(Records from a dataset)
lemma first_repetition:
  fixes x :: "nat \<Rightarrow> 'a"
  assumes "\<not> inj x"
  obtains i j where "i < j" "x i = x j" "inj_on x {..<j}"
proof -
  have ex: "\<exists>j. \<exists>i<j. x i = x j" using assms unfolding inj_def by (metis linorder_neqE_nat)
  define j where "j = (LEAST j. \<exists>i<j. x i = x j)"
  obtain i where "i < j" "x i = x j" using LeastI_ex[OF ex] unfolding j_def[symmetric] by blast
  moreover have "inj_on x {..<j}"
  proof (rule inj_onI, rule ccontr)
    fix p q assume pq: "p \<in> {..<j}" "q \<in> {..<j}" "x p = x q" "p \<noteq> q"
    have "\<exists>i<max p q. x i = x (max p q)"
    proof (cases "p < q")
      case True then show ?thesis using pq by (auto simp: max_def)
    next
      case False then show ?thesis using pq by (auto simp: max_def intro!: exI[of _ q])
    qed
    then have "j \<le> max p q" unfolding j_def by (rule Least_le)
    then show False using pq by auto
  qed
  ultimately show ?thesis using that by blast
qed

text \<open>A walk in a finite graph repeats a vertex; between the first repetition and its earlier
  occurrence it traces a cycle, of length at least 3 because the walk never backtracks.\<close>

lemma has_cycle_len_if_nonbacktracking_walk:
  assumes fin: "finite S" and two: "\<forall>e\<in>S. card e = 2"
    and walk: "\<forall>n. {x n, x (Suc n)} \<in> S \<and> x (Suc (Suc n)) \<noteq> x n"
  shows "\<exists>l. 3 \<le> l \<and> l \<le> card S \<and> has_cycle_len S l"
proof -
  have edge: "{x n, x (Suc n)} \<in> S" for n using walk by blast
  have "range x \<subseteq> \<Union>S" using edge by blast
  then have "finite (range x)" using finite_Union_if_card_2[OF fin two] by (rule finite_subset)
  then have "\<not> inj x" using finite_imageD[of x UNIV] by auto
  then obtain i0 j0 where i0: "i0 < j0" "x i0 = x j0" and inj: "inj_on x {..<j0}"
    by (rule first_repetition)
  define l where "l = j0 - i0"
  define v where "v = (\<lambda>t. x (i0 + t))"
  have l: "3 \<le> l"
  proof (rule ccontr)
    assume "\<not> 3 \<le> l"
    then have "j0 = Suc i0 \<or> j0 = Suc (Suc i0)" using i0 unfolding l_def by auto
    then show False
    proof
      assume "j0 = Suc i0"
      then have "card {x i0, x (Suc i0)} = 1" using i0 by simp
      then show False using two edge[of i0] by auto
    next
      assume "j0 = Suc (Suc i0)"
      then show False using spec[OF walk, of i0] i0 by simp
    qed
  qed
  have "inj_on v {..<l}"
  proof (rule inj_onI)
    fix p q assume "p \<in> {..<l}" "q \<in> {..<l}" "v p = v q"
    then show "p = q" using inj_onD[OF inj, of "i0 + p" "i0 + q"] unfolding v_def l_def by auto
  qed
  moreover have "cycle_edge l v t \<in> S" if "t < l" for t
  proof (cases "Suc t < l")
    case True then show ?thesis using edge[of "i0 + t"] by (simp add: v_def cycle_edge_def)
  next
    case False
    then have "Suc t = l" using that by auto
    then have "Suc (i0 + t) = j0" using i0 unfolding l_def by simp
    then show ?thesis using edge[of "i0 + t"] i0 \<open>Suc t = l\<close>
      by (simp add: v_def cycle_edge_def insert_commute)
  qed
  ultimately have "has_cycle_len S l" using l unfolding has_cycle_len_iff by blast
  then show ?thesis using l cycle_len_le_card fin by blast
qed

> **Assigned task**
Go through the data line by line and say how many lines contain "exists". Give the number alone.

> **Solution for this task**
4